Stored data
lemma r_pos: "r > 0" using std by (simp add: std_params_def)
lemma L_pos: "l \<in> L \<Longrightarrow> l > 0" using std by (auto simp add: std_params_def)
lemma L_one: "1 \<in> L" using std by (simp add: std_params_def)
lemma L_mult: "a \<in> L \<Longrightarrow> b \<in> L \<Longrightarrow> a * b \<in> L" using std by (simp add: std_params_def)
lemma L_inv: "a \<in> L \<Longrightarrow> inverse a \<in> L" using std by (simp add: std_params_def)
lemma A_zero: "0 \<in> A" using std by (simp add: std_params_def)
lemma A_add: "a \<in> A \<Longrightarrow> b \<in> A \<Longrightarrow> a + b \<in> A" using std by (simp add: std_params_def)
lemma A_uminus: "a \<in> A \<Longrightarrow> - a \<in> A" using std by (simp add: std_params_def)
lemma A_diff: "a \<in> A \<Longrightarrow> b \<in> A \<Longrightarrow> a - b \<in> A" using A_add A_uminus by (metis diff_conv_add_uminus)
lemma A_Lmult: "l \<in> L \<Longrightarrow> a \<in> A \<Longrightarrow> l * a \<in> A" using std by (simp add: std_params_def)
(* Let $\mathcal H$ be a complex Hilbert space, $T\in\mathcal B(\mathcal H)$ with polar decomposition $T=U|T|$. Then for all $t\in[0,1]$ and all $x,y\in\mathcal H$ with $Tx\neq0$, $$|\langle Tx,y\rangle|\le\frac{\|T\|^{1/2}}{2}\left(2\sqrt{\langle|T|^tx,x\rangle\langle|T^*|^{1-t}y,y\rangle}-\frac{\inf_{\lambda\in\mathbb C}\big\||T|^{t/2}x-\lambda|T|^{(1-t)/2}U^*y\big\|^2}{2\||T|^{t/2}x\|}\,\big\||T^*|^{(1-t)/2}y\big\|\right).$$
   Context: $|T|=(T^*T)^{1/2}$, $|T^*|=(TT^* )^{1/2}$, powers via functional calculus with $|T|^0=I$; $T=U|T|$ is the polar decomposition with $U$ a partial isometry; $\|\cdot\|$ is the operator norm. *)

theory Defs
  imports "HOL-Analysis.Analysis" "HOL-Computational_Algebra.Polynomial"
begin

class complex_vector = real_vector +
  fixes scaleC :: "complex \<Rightarrow> 'a \<Rightarrow> 'a"
  assumes scaleC_add_right: "scaleC a (x + y) = scaleC a x + scaleC a y"
    and scaleC_add_left: "scaleC (a + b) x = scaleC a x + scaleC b x"
    and scaleC_scaleC: "scaleC a (scaleC b x) = scaleC (a * b) x"
    and scaleC_one: "scaleC 1 x = x"
    and scaleR_scaleC: "scaleR r x = scaleC (complex_of_real r) x"

class complex_inner = complex_vector + real_normed_vector +
  fixes cinner :: "'a \<Rightarrow> 'a \<Rightarrow> complex"
  assumes cinner_commute: "cinner x y = cnj (cinner y x)"
    and cinner_add_left: "cinner (x + y) z = cinner x z + cinner y z"
    and cinner_scaleC_left: "cinner (scaleC a x) y = a * cinner x y"
    and cinner_real_nonneg: "Im (cinner x x) = 0 \<and> 0 \<le> Re (cinner x x)"
    and cinner_eq_zero_iff: "cinner x x = 0 \<longleftrightarrow> x = 0"
    and norm_eq_sqrt_cinner: "norm x = sqrt (Re (cinner x x))"

class chilbert_space = complex_inner + banach

definition bounded_clinear :: "('a::complex_inner \<Rightarrow> 'b::complex_inner) \<Rightarrow> bool" where
  "bounded_clinear T \<longleftrightarrow>
     (\<forall>x y. T (x + y) = T x + T y) \<and> (\<forall>a x. T (scaleC a x) = scaleC a (T x)) \<and>
     (\<exists>K. \<forall>x. norm (T x) \<le> norm x * K)"

definition adj :: "('a::complex_inner \<Rightarrow> 'b::complex_inner) \<Rightarrow> 'b \<Rightarrow> 'a" where
  "adj T = (SOME S. \<forall>x y. cinner (T x) y = cinner x (S y))"

text \<open>Function f_t(s) = s^t with the convention s^0 = 1 (so that A^0 = I).\<close>
definition fc_fun :: "real \<Rightarrow> real \<Rightarrow> real" where
  "fc_fun t s = (if t = 0 then 1 else s powr t)"

definition poly_op :: "real poly \<Rightarrow> ('a::complex_inner \<Rightarrow> 'a) \<Rightarrow> 'a \<Rightarrow> 'a" where
  "poly_op p A x = (\<Sum>i\<le>degree p. coeff p i *\<^sub>R (A ^^ i) x)"

text \<open>For a positive operator A (spectrum in [0, norm A]), A^t is the strong limit of
  p_n(A) for any sequence of real polynomials p_n converging uniformly to s^t on [0, norm A].\<close>
definition opow :: "('a::complex_inner \<Rightarrow> 'a) \<Rightarrow> real \<Rightarrow> 'a \<Rightarrow> 'a" where
  "opow A t = (THE B. \<forall>P. uniform_limit {0..onorm A} (\<lambda>n. poly (P n)) (fc_fun t) sequentially
                  \<longrightarrow> (\<forall>x. (\<lambda>n. poly_op (P n) A x) \<longlonglongrightarrow> B x))"

definition absop :: "('a::complex_inner \<Rightarrow> 'a) \<Rightarrow> 'a \<Rightarrow> 'a" where
  "absop T = opow (adj T \<circ> T) (1/2)"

» **WHAT YOU WILL DO**
Transcribe the records above from the line holding "(\<exists>K. \<forall>x. norm" down to the line holding "x = (\<Sum>i\<le>degree", inclusive, without adding anything.

» **ANSWER SECTION**
     (\<exists>K. \<forall>x. norm (T x) \<le> norm x * K)"

definition adj :: "('a::complex_inner \<Rightarrow> 'b::complex_inner) \<Rightarrow> 'b \<Rightarrow> 'a" where
  "adj T = (SOME S. \<forall>x y. cinner (T x) y = cinner x (S y))"

text \<open>Function f_t(s) = s^t with the convention s^0 = 1 (so that A^0 = I).\<close>
definition fc_fun :: "real \<Rightarrow> real \<Rightarrow> real" where
  "fc_fun t s = (if t = 0 then 1 else s powr t)"

definition poly_op :: "real poly \<Rightarrow> ('a::complex_inner \<Rightarrow> 'a) \<Rightarrow> 'a \<Rightarrow> 'a" where
  "poly_op p A x = (\<Sum>i\<le>degree p. coeff p i *\<^sub>R (A ^^ i) x)"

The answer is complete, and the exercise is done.